Note that the days column and its size may differ for each day. My goal is now to (piecewise linearly) interpolate rate along days. I am doing this for each day via

approx(x=A[,days],y=A[,rate],xout=days_vec,rule=2)

where days_vec <- min_days:max_days, i.e. the days range I am interested in (say 1:100).

I have two problems here:

  1. approx only interpolates, i.e. it does not create a linear fit across min(x) and max(x). If I am now interested in days 1:100, I first need to do it by hand using days 9 and 15 (first 2 lines of A) via:

    first_days <- 1:(A[1,days]-1) #1:8 rate_vec[first_days] <- A[1,rate] + (first_days - A[1,days])/(A[2,days]-A[1,days])*(A[2,rate]-A[1,rate])

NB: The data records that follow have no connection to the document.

(* Let $\mathbb{K}$ be a field of characteristic $0$. For every $d\geq 4$ there is a positive integer $r_0$ such that for all $r\geq r_0$ there exists a standard graded Artinian Gorenstein $\mathbb{K}$-algebra of socle degree $d$ and codimension $r$ whose Hilbert function $(1,h_1,\ldots,h_d)$ is totally non-unimodal, i.e. $h_1>h_2>\cdots>h_{\lfloor d/2\rfloor}$. *)

theory Defs
  imports Complex_Main "HOL-Library.Poly_Mapping"
begin

text \<open>Polynomials over a field 'k in variables x_0, x_1, ... : finitely supported maps
  from monomials (exponent vectors nat =>0 nat) to coefficients.\<close>
type_synonym 'k mpoly = "(nat \<Rightarrow>\<^sub>0 nat) \<Rightarrow>\<^sub>0 'k"

definition mdeg :: "(nat \<Rightarrow>\<^sub>0 nat) \<Rightarrow> nat" where
  "mdeg m = (\<Sum>i\<in>Poly_Mapping.keys m. Poly_Mapping.lookup m i)"

definition pscale :: "'k::field \<Rightarrow> 'k mpoly \<Rightarrow> 'k mpoly" where
  "pscale c p = Poly_Mapping.map (\<lambda>x. c * x) p"

definition pdim :: "'k::field mpoly set \<Rightarrow> nat" where
  "pdim S = vector_space.dim pscale S"

definition polyring :: "nat \<Rightarrow> 'k::field mpoly set" where
  "polyring r = {p. \<forall>m\<in>Poly_Mapping.keys p. Poly_Mapping.keys m \<subseteq> {..<r}}"

definition hom_comp :: "nat \<Rightarrow> nat \<Rightarrow> 'k::field mpoly set" where
  "hom_comp r i = {p \<in> polyring r. \<forall>m\<in>Poly_Mapping.keys p. mdeg m = i}"

definition hpart :: "nat \<Rightarrow> 'k::field mpoly \<Rightarrow> 'k mpoly" where
  "hpart i p = (\<Sum>m\<in>{m\<in>Poly_Mapping.keys p. mdeg m = i}. Poly_Mapping.single m (Poly_Mapping.lookup p m))"

definition var :: "nat \<Rightarrow> 'k::field mpoly" where
  "var j = Poly_Mapping.single (Poly_Mapping.single j 1) 1"

definition is_ideal :: "nat \<Rightarrow> 'k::field mpoly set \<Rightarrow> bool" where
  "is_ideal r I \<longleftrightarrow> I \<subseteq> polyring r \<and> 0 \<in> I \<and>
     (\<forall>p\<in>I. \<forall>q\<in>I. p + q \<in> I) \<and> (\<forall>f\<in>polyring r. \<forall>p\<in>I. f * p \<in> I)"

definition homogeneous_ideal :: "nat \<Rightarrow> 'k::field mpoly set \<Rightarrow> bool" where
  "homogeneous_ideal r I \<longleftrightarrow> is_ideal r I \<and> (\<forall>p\<in>I. \<forall>i. hpart i p \<in> I)"

text \<open>Hilbert function of A = R/I: h_i = dim_K A_i = dim R_i - dim I_i\<close>
definition hilb :: "nat \<Rightarrow> 'k::field mpoly set \<Rightarrow> nat \<Rightarrow> nat" where
  "hilb r I i = pdim (hom_comp r i :: 'k mpoly set) - pdim (hom_comp r i \<inter> I)"

text \<open>(I : m), the preimage in R of the socle of A = R/I\<close>
definition socle_lift :: "nat \<Rightarrow> 'k::field mpoly set \<Rightarrow> 'k mpoly set" where
  "socle_lift r I = {p \<in> polyring r. \<forall>j<r. var j * p \<in> I}"

text \<open>A = R/I is a standard graded Artinian K-algebra of socle degree d
  (A_d \<noteq> 0 and A_i = 0 for i > d)\<close>
definition artinian_socle_degree :: "nat \<Rightarrow> 'k::field mpoly set \<Rightarrow> nat \<Rightarrow> bool" where
  "artinian_socle_degree r I d \<longleftrightarrow> homogeneous_ideal r I \<and>
     hilb r I d \<noteq> 0 \<and> (\<forall>i>d. hom_comp r i \<subseteq> I)"

text \<open>dimension of the socle (0 :_A m) = (I : m)/I of the graded Artinian algebra A = R/I of
  socle degree d, computed degreewise (components above d vanish)\<close>
definition socle_dim :: "nat \<Rightarrow> 'k::field mpoly set \<Rightarrow> nat \<Rightarrow> nat" where
  "socle_dim r I d = (\<Sum>i\<le>d. pdim (hom_comp r i \<inter> socle_lift r I) - pdim (hom_comp r i \<inter> I))"

definition AG_algebra :: "nat \<Rightarrow> 'k::field mpoly set \<Rightarrow> nat \<Rightarrow> bool" where
  "AG_algebra r I d \<longleftrightarrow> artinian_socle_degree r I d \<and> socle_dim r I d = 1"

end

(*
  For a form F of degree d, R/Ann(F) is Artinian Gorenstein of socle degree d, and its Hilbert
  function h_i is the dimension of the space of contractions of F by forms of degree i. If F is a
  sum of distinct monomials, the contraction by a monomial x^b is determined by the set of
  cofactors g with x^g x^b in supp F; when these sets are pairwise equal or disjoint, h_i is the
  number of distinct nonempty ones.

  Take variables x_0, x_1, x_2 and y_k, and F = sum_a x^a y_(idx a) + sum_(k in Z) y_k^d, where a
  runs over the C(d+1,2) monomials of degree d - 1 in the x's, idx is injective and Z collects the
  remaining y's. For 0 < i < d the x-monomials of degree i have pairwise different cofactor sets,
  while a monomial involving a y has a single cofactor, which is either a monomial of degree d - i
  in the x's or some y_k^(d-i). Hence h_i = C(i+2,2) + C(d-i+2,2) + |Z|, h_1 = r, and h_i strictly
  decreases for i < d/2.
*)

theory Submission
  imports Defs "HOL-Library.Function_Algebras" "HOL-Library.Indicator_Function"
begin

section \<open>Linear algebra\<close>

lemma (in vector_space) span_inter_span_disjoint:
  assumes C: "independent C" "finite C" and BD: "B \<subseteq> C" "D \<subseteq> C" "B \<inter> D = {}"
  shows "span B \<inter> span D = {0}"
proof -
  have "x = 0" if x: "x \<in> span B" "x \<in> span D" for x
  proof -
    have fin: "finite B" "finite D" using BD C finite_subset by blast+
    obtain u where u: "x = (\<Sum>v\<in>B. u v *s v)" using x(1) span_finite[OF fin(1)] by auto
    obtain w where w: "x = (\<Sum>v\<in>D. w v *s v)" using x(2) span_finite[OF fin(2)] by auto
    define c where "c v = (if v \<in> B then u v else - w v)" for v
    have "(\<Sum>v\<in>B \<union> D. c v *s v) = (\<Sum>v\<in>B. c v *s v) + (\<Sum>v\<in>D. c v *s v)"
      by (rule sum.union_disjoint) (use fin BD in auto)
    also have "(\<Sum>v\<in>B. c v *s v) = x" unfolding u by (rule sum.cong) (auto simp: c_def)
    also have "(\<Sum>v\<in>D. c v *s v) = - x" unfolding w
      by (subst sum_negf[symmetric], rule sum.cong) (use BD in \<open>auto simp: c_def\<close>)
    finally have "(\<Sum>v\<in>B \<union> D. c v *s v) = 0" by simp
    then have "c v = 0" if "v \<in> B" for v
      using independentD[OF C(1), of "B \<union> D" c v] fin BD that by auto
    then show ?thesis unfolding u by (simp add: c_def)
  qed
  then show ?thesis using span_zero by blast
qed

lemma (in vector_space_pair) dim_kernel_plus_dim_image:
  assumes f: "Vector_Spaces.linear s1 s2 f" and V: "vs1.subspace V" and W: "finite W" "V \<subseteq> vs1.span W"
  shows "vs1.dim V = vs1.dim {v\<in>V. f v = 0} + vs2.dim (f ` V)"
proof -
  let ?K = "{v\<in>V. f v = 0}"
  obtain B where B: "B \<subseteq> ?K" "vs1.independent B" "?K \<subseteq> vs1.span B"
    using vs1.maximal_independent_subset[of ?K] by blast
  obtain C where C: "vs1.independent C" "C \<subseteq> V" "B \<subseteq> C" "V \<subseteq> vs1.span C"
    using vs1.maximal_independent_subset_extend[of B V] B by (metis (no_types, lifting) mem_Collect_eq subset_iff)
  have finC: "finite C" using vs1.independent_span_bound[OF W(1) C(1)] C(2) W(2) by auto
  define D where "D = C - B"
  have "f ` V \<subseteq> vs2.span (f ` D)"
  proof -
    have "f c \<in> vs2.span (f ` D)" if "c \<in> C" for c
      using B(1) that by (cases "c \<in> B") (auto simp: D_def vs2.span_zero intro: vs2.span_base)
    then have "f ` C \<subseteq> vs2.span (f ` D)" by blast
    then have "f ` vs1.span C \<subseteq> vs2.span (f ` D)"
      unfolding linear_span_image[OF f, symmetric] by (simp add: vs2.span_minimal)
    then show ?thesis using C(4) by blast
  qed
  moreover have inj: "inj_on f (vs1.span D)"
  proof (subst linear_inj_on_iff_eq_0[OF f vs1.subspace_span], intro ballI impI)
    fix x assume x: "x \<in> vs1.span D" "f x = 0"
    have "x \<in> V" using x(1) vs1.span_mono[of D C] C(2,4) vs1.span_minimal[OF C(2) V] D_def by auto
    then have "x \<in> vs1.span B" using x(2) B(3) by auto
    then show "x = 0"
      using vs1.span_inter_span_disjoint[OF C(1) finC C(3), of D] x(1) D_def by auto
  qed
  moreover have "vs2.independent (f ` D)"
    using linear_independent_injective_image[OF f _ inj] vs1.independent_mono[OF C(1)] D_def by blast
  ultimately have "vs2.dim (f ` V) = card (f ` D)"
    using C(2) D_def by (intro vs2.basis_card_eq_dim[symmetric]) auto
  also have "\<dots> = card D"
    using inj by (simp add: card_image inj_on_subset vs1.span_superset)
  finally show ?thesis
    using vs1.basis_card_eq_dim[OF C(2,4,1)] vs1.basis_card_eq_dim[OF B(1,3,2)]
      card_Diff_subset[OF finite_subset[OF C(3) finC] C(3)] card_mono[OF finC C(3)]
    by (simp add: D_def)
qed

lemma lookup_pscale [simp]: "Poly_Mapping.lookup (pscale c p) m = c * Poly_Mapping.lookup p m"
  unfolding pscale_def by transfer (simp add: when_def)

interpretation P: vector_space "pscale :: 'k::field \<Rightarrow> 'k mpoly \<Rightarrow> 'k mpoly"
  by unfold_locales (auto intro!: poly_mapping_eqI simp: lookup_add algebra_simps)

definition fscale :: "'k::field \<Rightarrow> ('a \<Rightarrow> 'k) \<Rightarrow> ('a \<Rightarrow> 'k)" where
  "fscale c f = (\<lambda>x. c * f x)"

interpretation Fn: vector_space "fscale :: 'k::field \<Rightarrow> ('a \<Rightarrow> 'k) \<Rightarrow> ('a \<Rightarrow> 'k)"
  by unfold_locales (auto simp: fscale_def algebra_simps)

interpretation PFn: vector_space_pair "pscale :: 'k::field \<Rightarrow> 'k mpoly \<Rightarrow> 'k mpoly"
  "fscale :: 'k::field \<Rightarrow> ('a \<Rightarrow> 'k) \<Rightarrow> ('a \<Rightarrow> 'k)" ..

lemma sum_apply: "(\<Sum>h\<in>A. f h) x = (\<Sum>h\<in>A. f h x)"
  by (induction A rule: infinite_finite_induct) auto

lemma independent_indicators_disjoint:
  assumes "finite TT" "pairwise disjnt TT" "{} \<notin> TT"
  shows "Fn.independent ((\<lambda>T. indicator T :: 'a \<Rightarrow> 'k::field) ` TT)"
proof (rule Fn.independent_if_scalars_zero)
  let ?G = "(\<lambda>T. indicator T :: 'a \<Rightarrow> 'k) ` TT"
  show fin: "finite ?G" using assms(1) by simp
  fix u v assume sum0: "(\<Sum>w\<in>?G. fscale (u w) w) = 0" and v: "v \<in> ?G"
  obtain T where T: "T \<in> TT" "v = indicator T" using v by blast
  obtain x where x: "x \<in> T" using T(1) assms(3) by (metis ex_in_conv)
  have "w x = 0" if "w \<in> ?G - {v}" for w
    using that assms(2) T x by (auto simp: pairwise_def disjnt_def indicator_def) (metis IntI empty_iff)
  then have "(\<Sum>w\<in>?G - {v}. u w * w x) = 0" by (intro sum.neutral) simp
  moreover have "0 = (\<Sum>w\<in>?G. fscale (u w) w) x" using sum0 by simp
  also have "\<dots> = u v * v x + (\<Sum>w\<in>?G - {v}. u w * w x)"
    unfolding sum_apply fscale_def by (rule sum.remove[OF fin v])
  ultimately show "u v = 0" using T x by simp
qed

lemma dim_indicators_disjoint:
  assumes "finite TT" "pairwise disjnt TT"
  shows "Fn.dim ((\<lambda>T. indicator T :: 'a \<Rightarrow> 'k::field) ` TT) = card (TT - {{}})"
proof -
  let ?ind = "\<lambda>T. indicator T :: 'a \<Rightarrow> 'k"
  have inj: "inj ?ind"
    by (rule injI) (metis indicator_eq_1_iff subsetI subset_antisym)
  have "?ind T = 0 \<longleftrightarrow> T = {}" for T
    by (auto simp: fun_eq_iff indicator_eq_0_iff)
  then have "?ind ` TT - {0} = ?ind ` (TT - {{}})" by auto
  then have "Fn.dim (?ind ` TT) = Fn.dim (?ind ` (TT - {{}}))"
    by (metis Fn.span_delete_0 Fn.span_eq_dim)
  also have "\<dots> = card (?ind ` (TT - {{}}))"
    using assms by (intro Fn.dim_eq_card_independent independent_indicators_disjoint)
      (auto intro: pairwise_subset)
  also have "\<dots> = card (TT - {{}})"
    using inj by (simp add: card_image inj_on_subset)
  finally show ?thesis .
qed

section \<open>Monomials and homogeneous components\<close>

lemma keys_add_nat:
  "Poly_Mapping.keys (a + b :: 'a \<Rightarrow>\<^sub>0 nat) = Poly_Mapping.keys a \<union> Poly_Mapping.keys b"
  by (auto simp: in_keys_iff lookup_add)

lemma mdeg_eq_sum:
  assumes "finite A" "Poly_Mapping.keys m \<subseteq> A"
  shows "mdeg m = (\<Sum>i\<in>A. Poly_Mapping.lookup m i)"
  unfolding mdeg_def by (rule sum.mono_neutral_left) (use assms in \<open>auto simp: in_keys_iff\<close>)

and then using the approx line above for rate_vec[9:100]. Is there a way of doing this in 1 step?

  1. Right now, given that I need two steps and the shift point between the two procedures (here 9) differs among dates, I cannot see an implementation via data.table, although this would be vastly preferred (using data.table methods to interpolate/extrapolate and then returning the expanded data.table object). Thus, I currently run a for loop through the dates, which is of course much, much slower.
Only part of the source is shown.